Taking the listing below, restate word for word each line from the line with "using deriv by simp" to the line with "(t *\<^sub>R (y - a)) = t", ends included, and stop there.

- [Data shown]
_ _ _ _ _ _ _
(* Consider a GNEP with $N$ players in which player $\nu$ solves $$\min_{x^\nu}\theta_\nu(x)\quad\text{s.t.}\quad g(x)\le0,\ h^\nu(x^\nu)\le0,$$ where $g:\mathbb{R}^n\to\mathbb{R}^m$ and $h^\nu:\mathbb{R}^{n_\nu}\to\mathbb{R}^{p_\nu}$ are continuously differentiable with convex components, and assume that this GNEP has feasible points (points $x$ with $g(x)\le0$ and $h^\nu(x^\nu)\le0$ for all $\nu$). If $\bar x$ is a KKT point of the corresponding Feasibility GNEP, then $g(\bar x)\le0$, i.e. $\bar x$ is feasible for the GNEP.
   Context: Variables: $x=(x^1,\ldots,x^N)\in\mathbb{R}^n$, $x^\nu\in\mathbb{R}^{n_\nu}$. $v_+=\max\{0,v\}$ componentwise; $\nabla_{x^\nu}$ is the partial (transposed) Jacobian w.r.t. $x^\nu$; $\min$ componentwise. The corresponding Feasibility GNEP: player $\nu$ solves $\min_{x^\nu}\|g_+(x)\|^2$ s.t. $h^\nu(x^\nu)\le0$. $\bar x$ is a KKT point of it if for every $\nu$ there is $w^\nu\in\mathbb{R}^{p_\nu}$ with $\nabla_{x^\nu}\|g_+(\bar x)\|^2+\nabla h^\nu(\bar x^\nu)w^\nu=0$ and $\min\{-h^\nu(\bar x^\nu),w^\nu\}=0$. *)

theory Defs
  imports "HOL-Analysis.Analysis"
begin

text \<open>Each coordinate i belongs to
  exactly one player blk i :: 'p (finite player type); x^nu is the restriction of x to
  the coordinates with blk i = nu. The shared constraint g has components g j, j < m;
  player nu's private constraint h^nu has components h nu j, j < p nu, each a function
  on real^'n that depends only on the block x^nu.\<close>

definition cont_diff :: "(real^'n \<Rightarrow> real) \<Rightarrow> bool" where
  "cont_diff f \<longleftrightarrow> (\<exists>G. (\<forall>x. (f has_derivative (\<lambda>v. G x \<bullet> v)) (at x)) \<and> continuous_on UNIV G)"

definition depends_only_on_block ::
    "('n \<Rightarrow> 'p) \<Rightarrow> 'p \<Rightarrow> (real^'n \<Rightarrow> real) \<Rightarrow> bool" where
  "depends_only_on_block blk \<nu> f \<longleftrightarrow>
     (\<forall>x y. (\<forall>i. blk i = \<nu> \<longrightarrow> x $ i = y $ i) \<longrightarrow> f x = f y)"

text \<open>The merit function of the Feasibility GNEP: the squared norm of g_+(x).\<close>
definition sq_viol :: "nat \<Rightarrow> (nat \<Rightarrow> real^'n \<Rightarrow> real) \<Rightarrow> real^'n \<Rightarrow> real" where
  "sq_viol m g x = (\<Sum>j<m. (max 0 (g j x))\<^sup>2)"

text \<open>Partial gradients wrt x^nu are the
  block-nu coordinates of the full gradients.\<close>
definition feas_KKT_point ::
  "('n \<Rightarrow> 'p) \<Rightarrow> nat \<Rightarrow> (nat \<Rightarrow> real^'n \<Rightarrow> real) \<Rightarrow> ('p \<Rightarrow> nat) \<Rightarrow>
   ('p \<Rightarrow> nat \<Rightarrow> real^'n \<Rightarrow> real) \<Rightarrow> real^'n \<Rightarrow> bool" where
  "feas_KKT_point blk m g p h xb \<longleftrightarrow>
     (\<forall>\<nu>. \<exists>w :: nat \<Rightarrow> real.
        (\<exists>D Gh. (sq_viol m g has_derivative (\<lambda>v. D \<bullet> v)) (at xb) \<and>
           (\<forall>j<p \<nu>. (h \<nu> j has_derivative (\<lambda>v. Gh j \<bullet> v)) (at xb)) \<and>
           (\<forall>i. blk i = \<nu> \<longrightarrow> D $ i + (\<Sum>j<p \<nu>. w j * Gh j $ i) = 0)) \<and>
        (\<forall>j<p \<nu>. min (- h \<nu> j xb) (w j) = 0))"

end

theory Submission
  imports Defs
begin

text \<open>Let \<open>D\<close> be the gradient of \<open>\<parallel>g\<^sub>+\<parallel>\<^sup>2\<close> at the KKT point \<open>xb\<close> and \<open>x\<close> a feasible point.
  For each player, stationarity, complementary slackness and the gradient inequality for the
  convex \<open>h\<^sup>\<nu>\<close> give \<open>D\<^sup>\<nu> \<bullet> (x\<^sup>\<nu> - xb\<^sup>\<nu>) \<ge> 0\<close>; summing over the players, \<open>D \<bullet> (x - xb) \<ge> 0\<close>.
  As \<open>\<parallel>g\<^sub>+\<parallel>\<^sup>2\<close> is convex, the gradient inequality at \<open>xb\<close> then gives
  \<open>\<parallel>g\<^sub>+(xb)\<parallel>\<^sup>2 \<le> \<parallel>g\<^sub>+(x)\<parallel>\<^sup>2 - D \<bullet> (x - xb) \<le> 0\<close>.\<close>

lemma convex_on_has_derivative_above_tangent:
  fixes f :: "'a::real_normed_vector \<Rightarrow> real"
  assumes convex: "convex_on UNIV f" and deriv: "(f has_derivative f') (at a)"
  shows "f a + f' (y - a) \<le> f y"
proof -
  define \<phi> where "\<phi> = (\<lambda>t::real. f (a + t *\<^sub>R (y - a)))"
  have "convex_on UNIV \<phi>"
  proof (rule convex_onI)
    fix t u v :: real assume "0 < t" "t < 1"
    have "a + ((1 - t) * u + t * v) *\<^sub>R (y - a) = (1 - t) *\<^sub>R (a + u *\<^sub>R (y - a)) + t *\<^sub>R (a + v *\<^sub>R (y - a))"
      by (simp add: algebra_simps)
    then show "\<phi> ((1 - t) *\<^sub>R u + t *\<^sub>R v) \<le> (1 - t) * \<phi> u + t * \<phi> v"
      using convex_onD[OF convex, of t] \<open>0 < t\<close> \<open>t < 1\<close> by (simp add: \<phi>_def)
  qed simp
  moreover have "(\<phi> has_field_derivative f' (y - a)) (at 0)"
  proof -
    have "((\<lambda>t. a + t *\<^sub>R (y - a)) has_derivative (\<lambda>t. t *\<^sub>R (y - a))) (at 0)"
      by (auto intro!: derivative_eq_intros)
    moreover have "(f has_derivative f') (at (a + 0 *\<^sub>R (y - a)))"
      using deriv by simp
    ultimately have "((f \<circ> (\<lambda>t. a + t *\<^sub>R (y - a))) has_derivative f' \<circ> (\<lambda>t. t *\<^sub>R (y - a))) (at 0)"
      by (rule diff_chain_at)
    then have "(\<phi> has_derivative (\<lambda>t. f' (t *\<^sub>R (y - a)))) (at 0)"
      by (simp add: \<phi>_def o_def)
    moreover have "f' (t *\<^sub>R (y - a)) = t * f' (y - a)" for t
      using has_derivative_linear[OF deriv] by (simp add: linear_scale)
    ultimately show ?thesis
      by (simp add: has_field_derivative_def mult.commute[of _ "f' (y - a)"])
  qed
  ultimately have "f' (y - a) * (1 - 0) \<le> \<phi> 1 - \<phi> 0"
    by (intro convex_on_imp_above_tangent[where A = UNIV]) auto
  then show ?thesis by (simp add: \<phi>_def)
qed

lemma convex_on_max_0:
  assumes "convex_on S f"
  shows "convex_on S (\<lambda>x. max 0 (f x))"
proof (rule convex_onI)
  fix t :: real and x y assume t: "0 < t" "t < 1" and "x \<in> S" "y \<in> S"
  then have "f ((1 - t) *\<^sub>R x + t *\<^sub>R y) \<le> (1 - t) * f x + t * f y"
    using convex_onD[OF assms] by simp
  also have "\<dots> \<le> (1 - t) * max 0 (f x) + t * max 0 (f y)"
    using t by (intro add_mono mult_left_mono) auto
  finally show "max 0 (f ((1 - t) *\<^sub>R x + t *\<^sub>R y)) \<le> (1 - t) * max 0 (f x) + t * max 0 (f y)"
    using t by simp
qed (use assms convex_on_imp_convex in blast)

lemma convex_on_power2_nonneg:
  assumes "convex_on S f" and nonneg: "\<And>x. x \<in> S \<Longrightarrow> 0 \<le> f x"
  shows "convex_on S (\<lambda>x. (f x)\<^sup>2)"
proof (rule convex_onI)
  fix t :: real and x y assume t: "0 < t" "t < 1" and S: "x \<in> S" "y \<in> S"
  have "f ((1 - t) *\<^sub>R x + t *\<^sub>R y) \<le> (1 - t) * f x + t * f y"
    using convex_onD[OF assms(1)] t S by simp
  moreover have "0 \<le> f ((1 - t) *\<^sub>R x + t *\<^sub>R y)"
    using S t convex_on_imp_convex[OF assms(1)] by (intro nonneg) (simp add: convex_alt)
  ultimately have "(f ((1 - t) *\<^sub>R x + t *\<^sub>R y))\<^sup>2 \<le> ((1 - t) * f x + t * f y)\<^sup>2"
    by (intro power_mono) auto
  also have "\<dots> \<le> (1 - t) * (f x)\<^sup>2 + t * (f y)\<^sup>2"
    using convex_onD[OF convex_power2, of t "f x" "f y"] t by simp
  finally show "(f ((1 - t) *\<^sub>R x + t *\<^sub>R y))\<^sup>2 \<le> (1 - t) * (f x)\<^sup>2 + t * (f y)\<^sup>2" .
qed (use assms convex_on_imp_convex in blast)

lemma convex_on_sum_fun:
  assumes "finite I" "convex S" "\<And>i. i \<in> I \<Longrightarrow> convex_on S (f i)"
  shows "convex_on S (\<lambda>x. \<Sum>i\<in>I. f i x)"
  using assms by (induction I rule: finite_induct) (auto simp: convex_on_const)

lemma convex_on_sq_viol:
  assumes "\<And>j. j < m \<Longrightarrow> convex_on UNIV (g j)"
  shows "convex_on UNIV (sq_viol m g)"
  unfolding sq_viol_def
  using assms by (intro convex_on_sum_fun convex_on_power2_nonneg convex_on_max_0) auto

lemma sq_viol_nonneg: "0 \<le> sq_viol m g x"
  by (simp add: sq_viol_def sum_nonneg)

lemma sq_viol_eq_0_iff: "sq_viol m g x = 0 \<longleftrightarrow> (\<forall>j<m. g j x \<le> 0)"
proof -
  have "max 0 a = 0 \<longleftrightarrow> a \<le> (0::real)" for a
    by (simp add: max_def)
  then show ?thesis
    by (auto simp: sq_viol_def sum_nonneg_eq_0_iff)
qed

definition replace_block :: "('n \<Rightarrow> 'p) \<Rightarrow> 'p \<Rightarrow> real^'n \<Rightarrow> real^'n \<Rightarrow> real^'n" where
  "replace_block blk \<nu> x z = (\<chi> i. if blk i = \<nu> then x $ i else z $ i)"

lemma depends_only_on_block_replace_block:
  assumes "depends_only_on_block blk \<nu> f"
  shows "f (replace_block blk \<nu> x z) = f x"
  using assms by (simp add: depends_only_on_block_def replace_block_def)

lemma replace_block_diff:
  "replace_block blk \<nu> x z - z = (\<chi> i. if blk i = \<nu> then x $ i - z $ i else 0)"
  by (simp add: replace_block_def vec_eq_iff)

lemma inner_diff_eq_sum_replace_block:
  fixes blk :: "'n::finite \<Rightarrow> 'p::finite"
  shows "D \<bullet> (x - z) = (\<Sum>\<nu>\<in>UNIV. D \<bullet> (replace_block blk \<nu> x z - z))"
proof -
  have "D \<bullet> (x - z) = (\<Sum>i\<in>UNIV. \<Sum>\<nu>\<in>UNIV. if blk i = \<nu> then D $ i * (x $ i - z $ i) else 0)"
    by (simp add: inner_vec_def)
  also have "\<dots> = (\<Sum>\<nu>\<in>UNIV. \<Sum>i\<in>UNIV. if blk i = \<nu> then D $ i * (x $ i - z $ i) else 0)"
    by (rule sum.swap)
  also have "\<dots> = (\<Sum>\<nu>\<in>UNIV. D \<bullet> (replace_block blk \<nu> x z - z))"
    unfolding inner_vec_def replace_block_diff by (intro sum.cong refl) simp
  finally show ?thesis .
qed

lemma inner_replace_block_diff_cong:
  assumes "\<And>i. blk i = \<nu> \<Longrightarrow> D $ i = E $ i"
  shows "D \<bullet> (replace_block blk \<nu> x z - z) = E \<bullet> (replace_block blk \<nu> x z - z)"
  using assms unfolding inner_vec_def replace_block_def by (intro sum.cong) auto

lemma block_stationarity_imp_inner_replace_block_nonneg:
  assumes h_convex: "\<And>j. j < q \<Longrightarrow> convex_on UNIV (h j)"
    and h_block: "\<And>j. j < q \<Longrightarrow> depends_only_on_block blk \<nu> (h j)"
    and h_deriv: "\<And>j. j < q \<Longrightarrow> (h j has_derivative (\<lambda>v. Gh j \<bullet> v)) (at z)"
    and h_feasible: "\<And>j. j < q \<Longrightarrow> h j x \<le> 0"
    and stationary: "\<And>i. blk i = \<nu> \<Longrightarrow> D $ i + (\<Sum>j<q. w j * Gh j $ i) = 0"
    and complementary: "\<And>j. j < q \<Longrightarrow> min (- h j z) (w j) = 0"
  shows "0 \<le> D \<bullet> (replace_block blk \<nu> x z - z)"
proof -
  define d where "d = replace_block blk \<nu> x z - z"
  have term_nonpos: "w j * (Gh j \<bullet> d) \<le> 0" if j: "j < q" for j
  proof -
    have w: "0 \<le> w j" "w j * h j z = 0"
      using complementary[OF j] by (auto simp: min_def split: if_splits)
    have "h j z + Gh j \<bullet> d \<le> h j (replace_block blk \<nu> x z)"
      unfolding d_def by (rule convex_on_has_derivative_above_tangent[OF h_convex[OF j] h_deriv[OF j]])
    then have "Gh j \<bullet> d \<le> h j x - h j z"
      using depends_only_on_block_replace_block[OF h_block[OF j]] by simp
    then have "w j * (Gh j \<bullet> d) \<le> w j * (h j x - h j z)"
      using w(1) by (rule mult_left_mono)
    also have "\<dots> = w j * h j x"
      using w(2) by (simp add: right_diff_distrib)
    also have "\<dots> \<le> 0"
      using w(1) h_feasible[OF j] by (rule mult_nonneg_nonpos)
    finally show ?thesis .
  qed
  have "D \<bullet> d = - (\<Sum>j<q. w j *\<^sub>R Gh j) \<bullet> d"
    unfolding d_def using stationary
    by (intro inner_replace_block_diff_cong) (simp add: eq_neg_iff_add_eq_0)
  also have "\<dots> = - (\<Sum>j<q. w j * (Gh j \<bullet> d))"
    by (simp add: inner_sum_left)
  finally have "D \<bullet> d = - (\<Sum>j<q. w j * (Gh j \<bullet> d))" .
  moreover have "(\<Sum>j<q. w j * (Gh j \<bullet> d)) \<le> 0"
    using term_nonpos by (intro sum_nonpos) simp
  ultimately show ?thesis
    unfolding d_def[symmetric] by linarith
qed

lemma feas_KKT_point_imp_inner_replace_block_nonneg:
  assumes KKT: "feas_KKT_point blk m g p h xb"
    and D: "(sq_viol m g has_derivative (\<lambda>v. D \<bullet> v)) (at xb)"
    and h_convex: "\<And>\<nu> j. j < p \<nu> \<Longrightarrow> convex_on UNIV (h \<nu> j)"
    and h_block: "\<And>\<nu> j. j < p \<nu> \<Longrightarrow> depends_only_on_block blk \<nu> (h \<nu> j)"
    and h_feasible: "\<And>\<nu> j. j < p \<nu> \<Longrightarrow> h \<nu> j x \<le> 0"
  shows "0 \<le> D \<bullet> (replace_block blk \<nu> x xb - xb)"
proof -
  obtain w D\<^sub>\<nu> Gh where D\<^sub>\<nu>: "(sq_viol m g has_derivative (\<lambda>v. D\<^sub>\<nu> \<bullet> v)) (at xb)"
    and Gh: "\<forall>j<p \<nu>. (h \<nu> j has_derivative (\<lambda>v. Gh j \<bullet> v)) (at xb)"
    and stationary: "\<forall>i. blk i = \<nu> \<longrightarrow> D\<^sub>\<nu> $ i + (\<Sum>j<p \<nu>. w j * Gh j $ i) = 0"
    and complementary: "\<forall>j<p \<nu>. min (- h \<nu> j xb) (w j) = 0"
    using KKT unfolding feas_KKT_point_def by blast
  have "0 \<le> D\<^sub>\<nu> \<bullet> (replace_block blk \<nu> x xb - xb)"
    using h_convex h_block h_feasible Gh stationary complementary
    by (intro block_stationarity_imp_inner_replace_block_nonneg[where h = "h \<nu>" and q = "p \<nu>"]) auto
  moreover have "D\<^sub>\<nu> \<bullet> u = D \<bullet> u" for u
    using fun_cong[OF has_derivative_unique[OF D\<^sub>\<nu> D], of u] by simp
  ultimately show ?thesis
    by metis
qed

theorem theorem4p4:
  fixes blk :: "'n::finite \<Rightarrow> 'p::finite"
    and m :: nat and g :: "nat \<Rightarrow> real^'n \<Rightarrow> real"
    and p :: "'p \<Rightarrow> nat" and h :: "'p \<Rightarrow> nat \<Rightarrow> real^'n \<Rightarrow> real"
    and xb :: "real^'n"
  assumes g_C1: "\<And>j. j < m \<Longrightarrow> cont_diff (g j)"
    and g_convex: "\<And>j. j < m \<Longrightarrow> convex_on UNIV (g j)"
    and h_block: "\<And>\<nu> j. j < p \<nu> \<Longrightarrow> depends_only_on_block blk \<nu> (h \<nu> j)"
    and h_C1: "\<And>\<nu> j. j < p \<nu> \<Longrightarrow> cont_diff (h \<nu> j)"
    and h_convex: "\<And>\<nu> j. j < p \<nu> \<Longrightarrow> convex_on UNIV (h \<nu> j)"
    and feasible: "\<exists>x. (\<forall>j<m. g j x \<le> 0) \<and> (\<forall>\<nu>. \<forall>j<p \<nu>. h \<nu> j x \<le> 0)"
    and KKT: "feas_KKT_point blk m g p h xb"
  shows "\<forall>j<m. g j xb \<le> 0"
proof -
  obtain x where gx: "\<forall>j<m. g j x \<le> 0" and hx: "\<And>\<nu> j. j < p \<nu> \<Longrightarrow> h \<nu> j x \<le> 0"
    using feasible by blast
  obtain D where D: "(sq_viol m g has_derivative (\<lambda>v. D \<bullet> v)) (at xb)"
    using KKT unfolding feas_KKT_point_def by blast
  have "0 \<le> D \<bullet> (replace_block blk \<nu> x xb - xb)" for \<nu>
    by (rule feas_KKT_point_imp_inner_replace_block_nonneg[OF KKT D h_convex h_block hx])
  then have "0 \<le> D \<bullet> (x - xb)"
    by (simp add: inner_diff_eq_sum_replace_block[of D x xb blk] sum_nonneg)
  moreover have "sq_viol m g xb + D \<bullet> (x - xb) \<le> sq_viol m g x"
    using convex_on_sq_viol[OF g_convex] D by (rule convex_on_has_derivative_above_tangent)
  moreover have "sq_viol m g x = 0"
    using gx by (simp add: sq_viol_eq_0_iff)
  ultimately have "sq_viol m g xb = 0"
    using sq_viol_nonneg[of m g xb] by linarith
  then show ?thesis
    by (simp add: sq_viol_eq_0_iff)
qed

end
_ _ _ _ _ _ _
- [Exercise response]
      using deriv by simp
    ultimately have "((f \<circ> (\<lambda>t. a + t *\<^sub>R (y - a))) has_derivative f' \<circ> (\<lambda>t. t *\<^sub>R (y - a))) (at 0)"
      by (rule diff_chain_at)
    then have "(\<phi> has_derivative (\<lambda>t. f' (t *\<^sub>R (y - a)))) (at 0)"
      by (simp add: \<phi>_def o_def)
    moreover have "f' (t *\<^sub>R (y - a)) = t * f' (y - a)" for t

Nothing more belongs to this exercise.